------ Supplied material

text \<open>Since \<open>slope = 2 Jc N^m (s_hat + 1/2)\<close>, this is \<open>c (2 s - c + 1) \<le> (s + 1/2)^2\<close> for \<open>c = \<lceil>s\<rceil>\<close>.\<close>
lemma A3_denom_le: "A3_denom \<le> slope ^ 2 / (4 * Jc)"
proof -
  let ?s = "s_hat N n J h" and ?c = "of_int \<lceil>s_hat N n J h\<rceil> :: real"
  have "(?s + 1/2) ^ 2 - ?c * (2 * ?s - ?c + 1) = (?c - (?s + 1/2)) ^ 2"
    by (simp add: algebra_simps power2_eq_square)
  then have "?c * (2 * ?s - ?c + 1) \<le> (?s + 1/2) ^ 2"
    by (metis diff_ge_0_iff_ge zero_le_power2)
  then have "A3_denom \<le> (?s + 1/2) ^ 2 * Jc * real N ^ (2 * m)"
    unfolding A3_denom_def using Jc_pos N_real by (intro mult_right_mono) auto
  also have "\<dots> = slope ^ 2 / (4 * Jc)"
  proof -
    have "(?s + 1/2) ^ 2 * Jc * real N ^ (2 * m) = (2 * Jc * real N ^ m * (?s + 1/2)) ^ 2 / (4 * Jc)"
      using Jc_pos by (simp add: power_even_eq field_simps power2_eq_square)
    also have "2 * Jc * real N ^ m * (?s + 1/2) = slope"
      unfolding s_hat_eq slope_def using Jc_pos N_real by (simp add: field_simps)
    finally show ?thesis .
  qed
  finally show ?thesis .
qed

lemma A3_ratio_eq: "A3_ratio N n J h k = (low_block_energy N m J k + real k * S) / A3_denom"
  unfolding A3_denom_def by (rule A3_ratio_eq_low_block_energy)

lemma S_nonneg: "S \<ge> 0"
  by (rule order.trans[OF _ S_ge]) (use Jc_pos in simp)

text \<open>The ratio in (A3) at \<open>k = N^m\<close> controls both error terms: the gap between \<open>S - h\<close> and
  \<open>slope\<close>, and the rounding loss \<open>Jc\<close> of the lower bound.\<close>
lemma A3_ratio_top_bounds:
  defines "r \<equiv> A3_ratio N n J h (N ^ m)"
  shows "tail_gap \<le> r / 2 * slope" and "4 * Jc ^ 2 \<le> r * slope ^ 2"
proof -
  have r_eq: "r = real N ^ m * S / A3_denom"
    unfolding r_def A3_ratio_eq low_block_energy_top[OF N_ge_1] by simp
  have r_nonneg: "r \<ge> 0" unfolding r_eq using S_nonneg A3_denom_pos by simp
  have "4 * Jc * A3_denom \<le> slope ^ 2" using A3_denom_le Jc_pos by (simp add: field_simps)
  then have "r * (4 * Jc * A3_denom) \<le> r * slope ^ 2" using r_nonneg by (rule mult_left_mono)
  moreover have "r * (4 * Jc * A3_denom) = 4 * Jc * (real N ^ m * S)"
    unfolding r_eq using A3_denom_pos by simp
  ultimately have r_ge: "4 * Jc * (real N ^ m * S) \<le> r * slope ^ 2" by linarith
  have "real N ^ (m + 1) * tail_gap \<le> real N ^ m * S"
    unfolding tail_gap_def using Jc_pos N_real by (simp add: field_simps)
  then have "4 * Jc * (real N ^ (m + 1) * tail_gap) \<le> 4 * Jc * (real N ^ m * S)"
    using Jc_pos by (intro mult_left_mono) auto
  with r_ge have "4 * Jc * (real N ^ (m + 1) * tail_gap) \<le> r * slope ^ 2" by linarith
  moreover have "slope * tail_gap \<le> (2 * Jc * real N ^ (m + 1)) * tail_gap"
    using slope_le tail_gap_nonneg by (rule mult_right_mono)
  ultimately have "2 * tail_gap * slope \<le> r * slope ^ 2" by (simp add: algebra_simps)
  then show "tail_gap \<le> r / 2 * slope" using slope_pos by (simp add: power2_eq_square field_simps)
  have "Jc \<le> Jc * real N ^ (m + 1)"
    using Jc_pos N_real one_le_power[of "real N" "m + 1"] by simp
  also have "\<dots> \<le> S" by (rule S_ge)
  also have "S \<le> real N ^ m * S" using S_nonneg N_real by (simp add: mult_le_cancel_right1)
  finally have "4 * Jc * Jc \<le> 4 * Jc * (real N ^ m * S)" using Jc_pos by simp
  with r_ge show "4 * Jc ^ 2 \<le> r * slope ^ 2" by (simp add: power2_eq_square)
qed

lemma Gamma_star_lower_ratio:
  defines "r \<equiv> A3_ratio N n J h (N ^ m)"
  assumes "r < 1"
  shows "(1 - r) / (1 + r / 2) ^ 2 * target \<le> Gamma_star N n J h"
proof -
  note bounds = A3_ratio_top_bounds[folded r_def]
  have "0 < r * slope ^ 2" using bounds(2) Jc_pos by (smt (verit) zero_less_power)
  then have r_pos: "r > 0" using slope_pos by (simp add: zero_less_mult_iff)
  have "(slope + tail_gap) ^ 2 \<le> ((1 + r / 2) * slope) ^ 2"
    using bounds(1) slope_pos tail_gap_nonneg by (intro power_mono) (auto simp: algebra_simps)
  then have "target \<le> (1 + r / 2) ^ 2 * slope ^ 2 / (4 * Jc)"
    unfolding target_eq using Jc_pos by (simp add: divide_right_mono power_mult_distrib)
  then have "(1 - r) / (1 + r / 2) ^ 2 * target \<le> (1 - r) / (1 + r / 2) ^ 2 * ((1 + r / 2) ^ 2 * slope ^ 2 / (4 * Jc))"
    using assms(2) by (intro mult_left_mono) auto
  also have "\<dots> = (1 - r) * slope ^ 2 / (4 * Jc)"
    using r_pos Jc_pos by (simp add: field_simps)
  also have "\<dots> \<le> slope ^ 2 / (4 * Jc) - Jc"
    using bounds(2) Jc_pos by (simp add: field_simps power2_eq_square)
  also have "\<dots> \<le> Gamma_star N n J h" by (rule Gamma_star_lower)
  finally show ?thesis .
qed

lemma Gamma_star_le_low_block_max:
  assumes "\<And>k'. k' \<in> {1..N ^ m} \<Longrightarrow> low_block_energy N m J k' \<le> low_block_energy N m J k"
  shows "Gamma_star N n J h \<le> slope ^ 2 / (4 * Jc) + low_block_energy N m J k"
proof (rule Gamma_star_le_segments)
  fix x assume "x \<le> N ^ n"
  from hamiltonian_segment_upper[OF N_ge_2 J_pos J_mono m_hat_spec(1) m_hat_maximal this]
  obtain k' where "k' \<in> {1..N ^ m}" and
    "hamiltonian N n J h (segment_config x) - hamiltonian N n J h all_minus
       \<le> low_block_energy N m J k' + slope ^ 2 / (4 * Jc)"
    unfolding slope_def by blast
  with assms show "hamiltonian N n J h (segment_config x) - hamiltonian N n J h all_minus
      \<le> slope ^ 2 / (4 * Jc) + low_block_energy N m J k"
    by fastforce
qed

lemma Gamma_star_upper: "\<exists>k \<in> {1..N ^ m}. Gamma_star N n J h \<le> (1 + A3_ratio N n J h k) * target"
proof -
  let ?low = "low_block_energy N m J" and ?r = "A3_ratio N n J h"
  obtain k where k: "k \<in> {1..N ^ m}" and k_max: "\<And>k'. k' \<in> {1..N ^ m} \<Longrightarrow> ?low k' \<le> ?low k"
    using finite_obtain_argmax[of "{1..N ^ m}" ?low] N_ge_1 by auto
  have "?low k \<ge> 0"
    using k_max[of "N ^ m"] low_block_energy_top[OF N_ge_1] N_ge_1 by simp
  then have r_nonneg: "?r k \<ge> 0"
    unfolding A3_ratio_eq using A3_denom_pos S_nonneg by simp
  have "?low k \<le> ?r k * A3_denom"
    unfolding A3_ratio_eq using A3_denom_pos S_nonneg by simp
  also have "\<dots> \<le> ?r k * (slope ^ 2 / (4 * Jc))"
    using A3_denom_le r_nonneg by (rule mult_left_mono)
  finally have "?low k \<le> ?r k * (slope ^ 2 / (4 * Jc))" .
  moreover have "Gamma_star N n J h \<le> slope ^ 2 / (4 * Jc) + ?low k"
    by (rule Gamma_star_le_low_block_max) (rule k_max)
  moreover have "(1 + ?r k) * (slope ^ 2 / (4 * Jc)) = slope ^ 2 / (4 * Jc) + ?r k * (slope ^ 2 / (4 * Jc))"
    by (simp only: distrib_right mult.left_neutral)
  ultimately have "Gamma_star N n J h \<le> (1 + ?r k) * (slope ^ 2 / (4 * Jc))" by linarith
  also have "\<dots> \<le> (1 + ?r k) * target"
  proof (rule mult_left_mono)
    have "slope ^ 2 \<le> (slope + tail_gap) ^ 2" using slope_pos tail_gap_nonneg by (intro power_mono) auto
    then show "slope ^ 2 / (4 * Jc) \<le> target" unfolding target_eq using Jc_pos by (simp add: divide_right_mono)
  qed (use r_nonneg in simp)
  finally show ?thesis using k by blast
qed

end

theorem theorem1p9:
  fixes n :: nat and J :: "nat \<Rightarrow> nat \<Rightarrow> real" and h :: "nat \<Rightarrow> real"
  assumes n_pos: "n \<ge> 1"
    and h_pos: "\<forall>N\<ge>2. h N > 0"
    and J_pos: "\<forall>N\<ge>2. \<forall>i\<in>{1..n}. J N i > 0"
    and J_mono: "\<forall>N\<ge>2. \<forall>i j. 1 \<le> i \<longrightarrow> i \<le> j \<longrightarrow> j \<le> n \<longrightarrow> J N j \<le> J N i"
    and A1: "\<forall>N\<ge>2. (1 - 1 / real N) * (\<Sum>i = 1..n. J N i * real N ^ i) > h N"
    and A3: "\<forall>k :: nat \<Rightarrow> nat. (\<forall>N\<ge>2. 1 \<le> k N \<and> k N \<le> N ^ m_hat N n (J N) (h N)) \<longrightarrow>
               (\<lambda>N. A3_ratio N n (J N) (h N) (k N)) \<longlonglongrightarrow> 0"
  shows "\<exists>e :: nat \<Rightarrow> real. e \<longlonglongrightarrow> 0 \<and>
           (\<forall>\<^sub>F N in sequentially.
              Gamma_star N n (J N) (h N) =
                (1 + e N) * (1/4) * inverse (J N (m_hat N n (J N) (h N) + 1)) *
                  ((\<Sum>i = m_hat N n (J N) (h N) + 1..n. J N i * real N ^ i) - h N) ^ 2)"
proof -
  have model: "hierarchical_couplings N n (J N) (h N)" if "N \<ge> 2" for N
    using that assms by unfold_locales auto
  have "\<exists>e. e \<longlonglongrightarrow> 0 \<and>
      (\<forall>\<^sub>F N in sequentially. Gamma_star N n (J N) (h N) = (1 + e N) * barrier_asymptote N n (J N) (h N))"
  proof (rule asymptotic_by_ratio_bounds[where N\<^sub>0 = 2 and K = "\<lambda>N. {1..N ^ m_hat N n (J N) (h N)}"])
    show "(\<lambda>N. A3_ratio N n (J N) (h N) (N ^ m_hat N n (J N) (h N))) \<longlonglongrightarrow> 0"
      using A3 by simp
    show "(\<lambda>N. A3_ratio N n (J N) (h N) (k N)) \<longlonglongrightarrow> 0" if "\<forall>N\<ge>2. k N \<in> {1..N ^ m_hat N n (J N) (h N)}" for k
      using A3 that by simp
  qed (use hierarchical_couplings.target_pos hierarchical_couplings.Gamma_star_upper
         hierarchical_couplings.Gamma_star_lower_ratio model in blast)
  then show ?thesis by (simp add: barrier_asymptote_def mult.assoc)
qed

end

------------

→ **Your objective**
What belongs in the answer is each line from the listing above that contains "where".

→ **Solution to the exercise**
  obtain k' where "k' \<in> {1..N ^ m}" and
  obtain k where k: "k \<in> {1..N ^ m}" and k_max: "\<And>k'. k' \<in> {1..N ^ m} \<Longrightarrow> ?low k' \<le> ?low k"
  proof (rule asymptotic_by_ratio_bounds[where N\<^sub>0 = 2 and K = "\<lambda>N. {1..N ^ m_hat N n (J N) (h N)}"])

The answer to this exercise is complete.